À Kinshasa, l’organisation de la société civile Fidèles Catholiques Kinois (FCK) a rendu publique, mardi 11 août, une demande claire adressée aux évêques : consulter les fidèles avant toute prise de position sur des questions politiques qui engagent la nation. Cette initiative intervient dans le sillage de la sortie médiatique de la Conférence épiscopale nationale du Congo (CENCO) du 20 juin 2026.
Une demande de consultation, pas une remise en cause de l’autorité
Lors d’une conférence de presse, les porte-parole du FCK ont insisté sur le caractère démocratique de leur revendication : ils ne contestent pas l’autorité spirituelle des évêques, mais souhaitent que les prises de position publiques s’appuient sur un préalable de consultation des fidèles.

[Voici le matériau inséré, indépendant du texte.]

lemma same_char_int_span:
  assumes "linear lam" "linear lam'" "\<And>b. b \<in> B \<Longrightarrow> char_val lam b = char_val lam' b"
  shows "same_char (int_span B) lam lam'"
  unfolding same_char_def
proof
  fix T
  assume "T \<in> int_span B"
  then obtain k where T: "T = (\<Sum>b\<in>B. of_int (k b) *\<^sub>R b)"
    by (auto simp: int_span_def)
  have "\<exists>m::int. lam b - lam' b = of_int m * (2 * pi)" if "b \<in> B" for b
  proof -
    have "cis (lam b - lam' b) = 1"
      using assms(3)[OF that] by (simp add: char_val_def flip: cis_divide)
    then show ?thesis
      by (simp add: cis_eq_1_iff)
  qed
  then obtain m where m: "\<And>b. b \<in> B \<Longrightarrow> lam b - lam' b = of_int (m b) * (2 * pi)"
    by metis
  have "lam T - lam' T = (\<Sum>b\<in>B. of_int (k b) * (lam b - lam' b))"
    unfolding T using assms(1,2)
    by (simp add: linear_sum linear_scale sum_subtractf[symmetric] algebra_simps)
  also have "\<dots> = 2 * pi * of_int (\<Sum>b\<in>B. k b * m b)"
    by (simp add: m sum_distrib_left mult_ac)
  finally show "\<exists>k::int. lam T - lam' T = 2 * pi * of_int k"
    by blast
qed

lemma cone_contains_scaled_ball:
  fixes x0 :: "'a::real_normed_vector"
  assumes "ball x0 r \<subseteq> C" "\<forall>x\<in>C. \<forall>t>0. t *\<^sub>R x \<in> C" "s > 0"
  shows "ball (s *\<^sub>R x0) (s * r) \<subseteq> C"
proof
  fix z
  assume "z \<in> ball (s *\<^sub>R x0) (s * r)"
  have "x0 - inverse s *\<^sub>R z = inverse s *\<^sub>R (s *\<^sub>R x0 - z)"
    using assms(3) by (simp add: algebra_simps)
  then have "dist x0 (inverse s *\<^sub>R z) = inverse s * dist (s *\<^sub>R x0) z"
    using assms(3) by (simp add: dist_norm)
  also have "\<dots> < r"
    using assms(3) \<open>z \<in> ball (s *\<^sub>R x0) (s * r)\<close> by (simp add: field_simps)
  finally have "inverse s *\<^sub>R z \<in> C"
    using assms(1) by auto
  then have "s *\<^sub>R (inverse s *\<^sub>R z) \<in> C"
    using assms(2,3) by blast
  then show "z \<in> C"
    using assms(3) by simp
qed

lemma add_mem_ball_add:
  fixes x y :: "'a::real_normed_vector"
  assumes "a \<in> ball x e" "b \<in> ball y d"
  shows "a + b \<in> ball (x + y) (e + d)"
  using assms dist_triangle_add[of x y a b] by simp

lemma int_span_semigroup_in_open_cone:
  fixes C :: "'a::euclidean_space set"
  assumes C: "open C" "C \<noteq> {}" "\<forall>x\<in>C. \<forall>t>0. t *\<^sub>R x \<in> C"
    and B: "finite B" "span B = UNIV"
  obtains P w where "P \<subseteq> C \<inter> int_span B" "\<And>a v. a \<in> P \<Longrightarrow> v \<in> P \<Longrightarrow> a + v \<in> P"
    "w \<in> P" "\<And>b. b \<in> B \<Longrightarrow> w + b \<in> P"
proof -
  obtain x0 r where r: "r > 0" "ball x0 r \<subseteq> C"
    using C(1,2) open_contains_ball by blast
  define P where "P = {z \<in> int_span B. \<exists>s>0. z \<in> ball (s *\<^sub>R x0) (s * r)}"
  have "P \<subseteq> C"
  proof
    fix z
    assume "z \<in> P"
    then obtain s where "s > 0" "z \<in> ball (s *\<^sub>R x0) (s * r)"
      unfolding P_def by blast
    then show "z \<in> C"
      using cone_contains_scaled_ball[OF r(2) C(3)] by blast
  qed
  then have "P \<subseteq> C \<inter> int_span B"
    by (auto simp: P_def)
  moreover have "a + v \<in> P" if aP: "a \<in> P" and vP: "v \<in> P" for a v
  proof -
    obtain s t where "s > 0" "t > 0"
      and ball: "a \<in> ball (s *\<^sub>R x0) (s * r)" "v \<in> ball (t *\<^sub>R x0) (t * r)"
      using aP vP unfolding P_def by blast
    have "a + v \<in> ball ((s + t) *\<^sub>R x0) ((s + t) * r)"
      unfolding scaleR_add_left distrib_right using ball by (rule add_mem_ball_add)
    with \<open>s > 0\<close> \<open>t > 0\<close> aP vP show ?thesis
      by (auto simp: P_def int_span_add intro: exI[of _ "s + t"])
  qed
  moreover
  \<comment> \<open>Round s x0 to a lattice point w; s is so large that w and all w + b stay in the cone.\<close>
  define M where "M = (\<Sum>b\<in>B. norm b)"
  define s where "s = (2 * M + 1) / r"
  have "M \<ge> 0"
    by (simp add: M_def sum_nonneg)
  then have s: "s > 0" "s * r = 2 * M + 1"
    using r(1) by (simp_all add: s_def)
  obtain w where w: "w \<in> int_span B" "dist (s *\<^sub>R x0) w \<le> M"
    using int_span_rounding[OF B(1)] B(2) M_def by blast
  have "w \<in> P"
    using w s \<open>M \<ge> 0\<close> by (auto simp: P_def)
  moreover have "w + b \<in> P" if "b \<in> B" for b
  proof -
    have "norm b \<le> M"
      unfolding M_def using B(1) that by (intro member_le_sum) auto
    then have "dist (s *\<^sub>R x0) (w + b) < s * r"
      using w(2) s(2) dist_triangle[of "s *\<^sub>R x0" "w + b" w] \<open>M \<ge> 0\<close> by (simp add: dist_norm)
    moreover have "w + b \<in> int_span B"
      using w(1) int_span_add int_span_superset[OF B(1) that] by blast
    ultimately show ?thesis
      using s(1) by (auto simp: P_def)
  qed
  ultimately show ?thesis
    by (rule that)
qed

section \<open>Vanishing on an additive semigroup\<close>

lemma add_of_nat_scaleR_mem:
  fixes P :: "'a::real_vector set"
  assumes "\<And>a v. a \<in> P \<Longrightarrow> v \<in> P \<Longrightarrow> a + v \<in> P" "a \<in> P" "v \<in> P"
  shows "a + of_nat n *\<^sub>R v \<in> P"
proof (induction n)
  case 0
  then show ?case using assms(2) by simp
next
  case (Suc n)
  have "a + of_nat (Suc n) *\<^sub>R v = (a + of_nat n *\<^sub>R v) + v"
    by (simp add: algebra_simps)
  then show ?case
    using assms(1)[OF Suc.IH assms(3)] by (simp only:)
qed

lemma add_nat_combination_mem:
  fixes P :: "'a::real_vector set"
  assumes "\<And>a v. a \<in> P \<Longrightarrow> v \<in> P \<Longrightarrow> a + v \<in> P" "finite V" "V \<subseteq> P" "x \<in> P"
  shows "x + (\<Sum>v\<in>V. of_nat (n v) *\<^sub>R v) \<in> P"
  using assms(2-)
proof (induction V rule: finite_induct)
  case empty
  then show ?case by simp
next
  case (insert u V)
  then have "(x + (\<Sum>v\<in>V. of_nat (n v) *\<^sub>R v)) + of_nat (n u) *\<^sub>R u \<in> P"
    by (intro add_of_nat_scaleR_mem[OF assms(1)]) auto
  then show ?case
    using insert.hyps by (simp add: algebra_simps)
qed

lemma polynomial_function_zero_if_zero_on_translated_semigroup:
  fixes f :: "'a::euclidean_space \<Rightarrow> complex"
  assumes "polynomial_function f"
    and P: "\<And>a v. a \<in> P \<Longrightarrow> v \<in> P \<Longrightarrow> a + v \<in> P" "w \<in> P" "span P = UNIV"
    and zero: "\<And>a. a \<in> P \<Longrightarrow> f (x + a) = 0"
  shows "f y = 0"
proof -
  obtain V where V: "V \<subseteq> P" "independent V" "P \<subseteq> span V"
    by (rule maximal_independent_subset)
  have "finite V"
    using V(2) by (rule finiteI_independent)
  have "span V = UNIV"
    using P(3) V(3) span_mono[of P "span V"] by (auto simp: span_span)
  then have "y - (x + w) \<in> range (\<lambda>t. \<Sum>v\<in>V. t v *\<^sub>R v)"
    unfolding span_finite[OF \<open>finite V\<close>, symmetric] by simp
  then obtain t where t: "y - (x + w) = (\<Sum>v\<in>V. t v *\<^sub>R v)"
    by blast
  have "f ((x + w) + (\<Sum>v\<in>V. t v *\<^sub>R v)) = 0"
  proof (rule polynomial_function_zero_if_zero_on_nat_combinations[OF assms(1) \<open>finite V\<close>])
    fix n :: "'a \<Rightarrow> nat"
    show "f ((x + w) + (\<Sum>v\<in>V. of_nat (n v) *\<^sub>R v)) = 0"
      using zero add_nat_combination_mem[OF P(1) \<open>finite V\<close> V(1) P(2)] by (simp add: add.assoc)
  qed
  then show ?thesis
    by (simp flip: t)
qed

lemma span_eq_UNIV_if_translates_mem:
  assumes "span B = UNIV" "w \<in> P" "\<And>b. b \<in> B \<Longrightarrow> w + b \<in> P"
  shows "span P = UNIV"
proof -
  have "b \<in> span P" if "b \<in> B" for b
    using span_diff[OF span_base[OF assms(3)[OF that]] span_base[OF assms(2)]] by simp
  then show ?thesis
    using assms(1) span_mono[of B "span P"] by (auto simp: span_span)
qed

lemma exists_nonzero_if_span_eq_UNIV:
  fixes P :: "'a::euclidean_space set"
  assumes "span P = UNIV"
  obtains v where "v \<in> P" "v \<noteq> 0"
proof -
  obtain b :: 'a where "b \<in> Basis"
    using nonempty_Basis by blast
  then have "b \<noteq> 0"
    by (rule nonzero_Basis)
  moreover have "\<not> P \<subseteq> {0}"
  proof
    assume "P \<subseteq> {0}"
    then have "span P \<subseteq> {0}"
      using span_mono[of P "{0}"] by simp
    with assms \<open>b \<noteq> 0\<close> show False
      by auto
  qed
  ultimately show ?thesis
    using that by blast
qed

lemma exists_char_val_neq_if_not_same_char:
  assumes "linear lam" "linear lam'" "\<not> same_char (int_span B) lam lam'"
    and "w \<in> P" "\<And>b. b \<in> B \<Longrightarrow> w + b \<in> P"
  shows "\<exists>v\<in>P. char_val lam v \<noteq> char_val lam' v"
proof (rule ccontr)
  assume "\<not> ?thesis"
  then have eq: "char_val lam v = char_val lam' v" if "v \<in> P" for v
    using that by blast
  have "char_val lam b = char_val lam' b" if "b \<in> B" for b
  proof -
    have "char_val lam w * char_val lam b = char_val lam' w * char_val lam' b"
      using eq[OF assms(5)[OF that]] assms(1,2) by (simp add: char_val_add)
    moreover have "char_val lam w = char_val lam' w" "char_val lam w \<noteq> 0"
      using eq[OF assms(4)] by (auto simp: char_val_def)
    ultimately show ?thesis
      by simp
  qed
  then show False
    using same_char_int_span assms(1-3) by blast
qed

lemma exp_poly_zero_if_tendsto_zero_along_rays:
  fixes S :: "('a::euclidean_space \<Rightarrow> real) set" and p :: "('a \<Rightarrow> real) \<Rightarrow> 'a \<Rightarrow> complex"
  assumes P: "\<And>a v. a \<in> P \<Longrightarrow> v \<in> P \<Longrightarrow> a + v \<in> P" "v0 \<in> P" "v0 \<noteq> 0"
    and S: "finite S" "\<forall>lam\<in>S. linear lam" "\<forall>lam\<in>S. polynomial_function (p lam)"
    and sep: "\<And>lam lam'. lam \<in> S \<Longrightarrow> lam' \<in> S \<Longrightarrow> lam \<noteq> lam' \<Longrightarrow> \<exists>v\<in>P. char_val lam v \<noteq> char_val lam' v"
    and lim: "\<And>a v. a \<in> P \<Longrightarrow> v \<in> P \<Longrightarrow> v \<noteq> 0 \<Longrightarrow>
      (\<lambda>n. \<Sum>lam\<in>S. p lam (x + a + of_nat n *\<^sub>R v) * char_val lam (x + a + of_nat n *\<^sub>R v)) \<longlonglongrightarrow> 0"
  shows "\<forall>lam\<in>S. \<forall>a\<in>P. p lam (x + a) = 0"
  using S sep lim
proof (induction S rule: finite_psubset_induct)
  case (psubset S)
  have class_zero: "(\<Sum>lam\<in>{lam\<in>S. char_val lam v = z}. p lam (x + a) * char_val lam (x + a)) = 0"
    if "a \<in> P" "v \<in> P" "v \<noteq> 0" for a v z
    using psubset.hyps psubset.prems(1,2) psubset.prems(4)[OF that]
    by (intro exp_poly_class_sum_zero_if_tendsto_zero_along_ray) auto
  show ?case
  proof (intro ballI)
    fix mu a
    assume "mu \<in> S" "a \<in> P"
    show "p mu (x + a) = 0"
    proof (cases "\<exists>l1\<in>S. \<exists>l2\<in>S. l1 \<noteq> l2")
      case True
      then obtain l1 l2 v where l12: "l1 \<in> S" "l2 \<in> S" "v \<in> P" "char_val l1 v \<noteq> char_val l2 v"
        using psubset.prems(3) by blast
      then have "v \<noteq> 0"
        using psubset.prems(1) by auto
      \<comment> \<open>v splits S into strictly smaller classes whose sums vanish on x + P.\<close>
      define S' where "S' = {lam\<in>S. char_val lam v = char_val mu v}"
      have "S' \<noteq> S"
      proof
        assume "S' = S"
        then have "l1 \<in> S'" "l2 \<in> S'"
          using l12(1,2) by auto
        then show False
          using l12(4) by (simp add: S'_def)
      qed
      then have "S' \<subset> S"
        by (auto simp: S'_def)
      moreover have "\<forall>lam\<in>S'. linear lam" "\<forall>lam\<in>S'. polynomial_function (p lam)"
        using psubset.prems(1,2) by (auto simp: S'_def)
      moreover have "\<exists>v\<in>P. char_val lam v \<noteq> char_val lam' v"
        if "lam \<in> S'" "lam' \<in> S'" "lam \<noteq> lam'" for lam lam'
        using psubset.prems(3) that by (auto simp: S'_def)
      moreover have "(\<lambda>n. \<Sum>lam\<in>S'. p lam (x + b + of_nat n *\<^sub>R u) * char_val lam (x + b + of_nat n *\<^sub>R u))
          \<longlonglongrightarrow> 0" if "b \<in> P" "u \<in> P" for b u
        using class_zero[OF add_of_nat_scaleR_mem[OF P(1) that] \<open>v \<in> P\<close> \<open>v \<noteq> 0\<close>]
        by (simp add: S'_def add.assoc)
      ultimately have "\<forall>lam\<in>S'. \<forall>a\<in>P. p lam (x + a) = 0"
        by (rule psubset.IH)
      then show ?thesis
        using \<open>mu \<in> S\<close> \<open>a \<in> P\<close> by (simp add: S'_def)
    next
      case False
      then have "{lam\<in>S. char_val lam v0 = char_val mu v0} = {mu}"
        using \<open>mu \<in> S\<close> by auto
      then have "p mu (x + a) * char_val mu (x + a) = 0"
        using class_zero[OF \<open>a \<in> P\<close> P(2,3), of "char_val mu v0"] by simp
      then show ?thesis
        by (simp add: char_val_def)
    qed
  qed
qed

Pour les membres du FCK, les catholiques kinois ont « mûri » et sont désormais à même d’apporter des points de vue parfois différents de ceux de leurs responsables religieux.
Aristide Kasongo, l’un des coordonnateurs du mouvement, a rappelé que la démocratie suppose « la consultation et l’acceptation de la contradiction ». Selon lui, le temps a fait évoluer les fidèles qui n’ont plus la « crainte d’être mal vus » lorsqu’ils expriment ce qu’ils ressentent, y compris vis‑à‑vis de leurs pères spirituels.

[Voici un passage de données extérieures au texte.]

(* Let $G\subseteq\mathrm{GL}_n(\mathbb{R})$ be a finite group and $H$ a normal subgroup of $G$. Assume: (1) there are $g_1,\dots,g_k\in\mathbb{R}[\underline{X}]^G$ such that a ring homomorphism $\varphi_G:\mathbb{R}[\underline{X}]^G\to\mathbb{R}$ extends to a ring homomorphism $\mathbb{R}[\underline{X}]^H\to\mathbb{R}$ if and only if $\varphi_G(g_1)\ge0,\dots,\varphi_G(g_k)\ge0$; (2) there is $h\in\mathbb{R}[\underline{X}]^H$ such that a ring homomorphism $\varphi_H:\mathbb{R}[\underline{X}]^H\to\mathbb{R}$ extends to a ring homomorphism $\mathbb{R}[\underline{X}]\to\mathbb{R}$ if and only if $\varphi_H(h)\ge0$. Then a ring homomorphism $\varphi_G:\mathbb{R}[\underline{X}]^G\to\mathbb{R}$ extends to a ring homomorphism $\varphi:\mathbb{R}[\underline{X}]\to\mathbb{R}$ if and only if $\varphi_G(\mathcal{R}_G(h))\ge0$, $\varphi_G(g_1)\ge0,\dots,\varphi_G(g_k)\ge0$.
   Context: $\mathbb{R}[\underline{X}]=\mathbb{R}[X_1,\dots,X_n]$ with $G$ acting by $h^\sigma(x)=h(\sigma^{-1}x)$; $\mathbb{R}[\underline{X}]^K$ is the ring of $K$-invariant polynomials; $\mathcal{R}_G(h)=\frac{1}{|G|}\sum_{\sigma\in G}h^\sigma$ is the Reynolds operator. *)

theory Defs
  imports "HOL-Analysis.Analysis"
begin

text \<open>The polynomial ring R[X_1,...,X_n] is represented by the ring of polynomial
  functions on R^n (isomorphic to the polynomial ring since R is infinite).\<close>
inductive_set polyfun :: "(real^'n \<Rightarrow> real) set" where
  const: "(\<lambda>x. c) \<in> polyfun"
| coord: "(\<lambda>x. x $ i) \<in> polyfun"
| add: "f \<in> polyfun \<Longrightarrow> g \<in> polyfun \<Longrightarrow> (\<lambda>x. f x + g x) \<in> polyfun"
| mult: "f \<in> polyfun \<Longrightarrow> g \<in> polyfun \<Longrightarrow> (\<lambda>x. f x * g x) \<in> polyfun"

definition matrix_group :: "(real^'n^'n) set \<Rightarrow> bool" where
  "matrix_group G \<longleftrightarrow> G \<subseteq> {A. invertible A} \<and> mat 1 \<in> G
     \<and> (\<forall>A\<in>G. \<forall>B\<in>G. A ** B \<in> G) \<and> (\<forall>A\<in>G. matrix_inv A \<in> G)"

definition normal_subgroup :: "(real^'n^'n) set \<Rightarrow> (real^'n^'n) set \<Rightarrow> bool" where
  "normal_subgroup H G \<longleftrightarrow> H \<subseteq> G \<and> matrix_group H
     \<and> (\<forall>s\<in>G. \<forall>t\<in>H. s ** t ** matrix_inv s \<in> H)"

definition act :: "real^'n^'n \<Rightarrow> (real^'n \<Rightarrow> real) \<Rightarrow> (real^'n \<Rightarrow> real)" where
  "act s f = (\<lambda>x. f (matrix_inv s *v x))"

definition inv_ring :: "(real^'n^'n) set \<Rightarrow> (real^'n \<Rightarrow> real) set" where
  "inv_ring K = {f \<in> polyfun. \<forall>s\<in>K. act s f = f}"

definition reynolds :: "(real^'n^'n) set \<Rightarrow> (real^'n \<Rightarrow> real) \<Rightarrow> (real^'n \<Rightarrow> real)" where
  "reynolds G f = (\<lambda>x. (1 / real (card G)) * (\<Sum>s\<in>G. act s f x))"

definition ring_hom_on :: "('a \<Rightarrow> real) set \<Rightarrow> (('a \<Rightarrow> real) \<Rightarrow> real) \<Rightarrow> bool" where
  "ring_hom_on A \<phi> \<longleftrightarrow> \<phi> (\<lambda>x. 1) = 1
     \<and> (\<forall>a\<in>A. \<forall>b\<in>A. \<phi> (\<lambda>x. a x + b x) = \<phi> a + \<phi> b \<and> \<phi> (\<lambda>x. a x * b x) = \<phi> a * \<phi> b)"

definition extends_hom :: "('a \<Rightarrow> real) set \<Rightarrow> ('a \<Rightarrow> real) set \<Rightarrow> (('a \<Rightarrow> real) \<Rightarrow> real) \<Rightarrow> bool" where
  "extends_hom A B \<phi> \<longleftrightarrow> (\<exists>\<psi>. ring_hom_on B \<psi> \<and> (\<forall>a\<in>A. \<psi> a = \<phi> a))"

end

theory Submission
  imports Defs
begin

text \<open>If \<open>\<Phi>\<close> extends \<open>\<phi>\<close> to \<open>\<real>[X]\<close>, then for every \<open>\<sigma> \<in> G\<close> the restriction
  of \<open>\<Phi> \<circ> \<sigma>\<close> to \<open>\<real>[X]\<^sup>H\<close> extends to \<open>\<real>[X]\<close>, so \<open>\<Phi>(h\<^sup>\<sigma>) \<ge> 0\<close>, and their mean
  \<open>\<phi>(\<R>\<^sub>G(h))\<close> is nonnegative.
  Conversely, if \<open>\<psi>\<close> extends \<open>\<phi>\<close> to \<open>\<real>[X]\<^sup>H\<close> and \<open>\<phi>(\<R>\<^sub>G(h)) \<ge> 0\<close>, then the
  mean of the \<open>\<psi>(h\<^sup>\<sigma>)\<close> is nonnegative, so \<open>\<psi>(h\<^sup>\<sigma>) \<ge> 0\<close> for some \<open>\<sigma>\<close>. As \<open>H\<close> is
  normal, \<open>\<psi> \<circ> \<sigma>\<close> is again a homomorphism of \<open>\<real>[X]\<^sup>H\<close> extending \<open>\<phi>\<close>; being
  nonnegative at \<open>h\<close>, it extends to \<open>\<real>[X]\<close>.\<close>

lemma matrix_inv_right_left:
  fixes A :: "'a::semiring_1^'n^'n"
  assumes "invertible A"
  shows matrix_inv_right: "A ** matrix_inv A = mat 1"
    and matrix_inv_left: "matrix_inv A ** A = mat 1"
proof -
  have "\<exists>A'. A ** A' = mat 1 \<and> A' ** A = mat 1"
    using assms unfolding invertible_def by blast
  then have "A ** matrix_inv A = mat 1 \<and> matrix_inv A ** A = mat 1"
    unfolding matrix_inv_def by (rule someI_ex)
  then show "A ** matrix_inv A = mat 1" "matrix_inv A ** A = mat 1" by auto
qed

lemma matrix_inv_unique:
  fixes A B :: "'a::semiring_1^'n^'n"
  assumes "invertible A" "A ** B = mat 1"
  shows "matrix_inv A = B"
proof -
  have "matrix_inv A = matrix_inv A ** (A ** B)" using assms by simp
  also have "\<dots> = (matrix_inv A ** A) ** B" by (simp add: matrix_mul_assoc)
  also have "\<dots> = B" by (simp add: matrix_inv_left[OF assms(1)])
  finally show ?thesis .
qed

lemma matrix_inv_matrix_inv:
  fixes A :: "'a::semiring_1^'n^'n"
  assumes "invertible A"
  shows "matrix_inv (matrix_inv A) = A"
proof -
  have "invertible (matrix_inv A)"
    using matrix_inv_right_left[OF assms] unfolding invertible_def by blast
  then show ?thesis by (rule matrix_inv_unique) (rule matrix_inv_left[OF assms])
qed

« Les fidèles catholiques que nous étions lorsque nous étions très jeunes avons eu le temps de grandir, de nous émanciper. Ça veut dire que même par rapport à nos pères spirituels, nous n’avons pas la crainte d’être mal vus à partir du moment où nous disons la vérité, à partir du moment où nous transmettons ce que la population en général ressent. »
Retour sur des pratiques de consultation disparues
Les FCK réclament la réactivation de mécanismes consultatifs locaux qui, selon eux, existaient autrefois dans plusieurs paroisses. Aristide Kasongo cite notamment les « commissions des intellectuels », espaces d’échange où prêtres et fidèles discutaient avant certaines prises de position. Ces pratiques, ajoutent-ils, permettaient un enrichissement mutuel entre responsables et laïcs.

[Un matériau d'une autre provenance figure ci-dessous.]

theorem theorem3p2:
  fixes X :: "'a set set"
  assumes "simplicial_complex X"
    and "finite_dimensional X"
    and "\<forall>x\<in>vertices X. \<forall>y\<in>vertices X. Sigma_at X x \<subseteq> Sigma_at X y \<longrightarrow> x = y"
    and "\<forall>K\<in>X. \<forall>x\<in>vertices X. x \<notin> K \<longrightarrow> (\<exists>L\<in>maximal_simplices X. K \<subseteq> L \<and> x \<notin> L)"
  shows "Aut_group X \<cong> Aut_group (nerve X)"
proof -
  have "inj_on (Sigma_at X) (vertices X)"
    using assms(3) by (intro inj_onI) blast
  then have "inj_on (nerve_map X) (carrier (Aut_group X))"
    by (rule inj_on_nerve_map)
  moreover have "nerve_map X ` carrier (Aut_group X) = carrier (Aut_group (nerve X))"
    using nerve_map_in_carrier[OF assms(1)] nerve_map_surj[OF assms(1-3)] by blast
  ultimately have "nerve_map X \<in> iso (Aut_group X) (Aut_group (nerve X))"
    using nerve_map_hom[OF assms(1)] by (simp add: iso_def bij_betw_def)
  then show ?thesis by (rule is_isoI)
qed

end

Le mouvement déplore qu’à l’inverse, par le passé, des « prises de positions extrêmes » aient parfois été adoptées par certains prêtres sans concertation préalable, ce qui a entraîné de la frustration au sein des communautés.
Patience et refus du dialogue avec les groupes armés
Sur la question d’un éventuel dialogue politique national, les Fidèles Catholiques Kinois appellent à la patience. Ils affirment également être favorables au dialogue, mais pas avec les groupes armés. Leurs propositions cherchent à encadrer la parole religieuse en la reliant davantage aux attentes et aux vécus des fidèles.
- Date clé : 20 juin 2026 — sortie médiatique de la CENCO.
- Réaction : 11 août 2026 — conférence de presse des FCK à Kinshasa.
- Demande centrale : rétablir des mécanismes de consultation au niveau paroissial.
| Élément | Date |
|---|---|
| Prise de position publique de la CENCO | 20 juin 2026 |
| Conférence de presse des FCK | 11 août 2026 |
Ce débat met en lumière la tension récurrente entre rôle moral et rôle politique des institutions religieuses dans des pays où l’Église catholique demeure un acteur social et politique influent. La demande des FCK pose une question simple mais essentielle : comment concilier l’autorité spirituelle et la diversité d’opinions au sein des fidèles lorsqu’il s’agit de prendre position sur des enjeux nationaux ?
En réclamant la réouverture de canaux de dialogue au niveau paroissial, les Fidèles Catholiques Kinois proposent une réponse institutionnelle fondée sur la délibération et la transparence plutôt que sur la confrontation. Reste à savoir si cette demande trouvera une écoute au sein de la hiérarchie ecclésiale et si elle influencera la manière dont l’Église formulera à l’avenir ses interventions dans la vie politique du pays.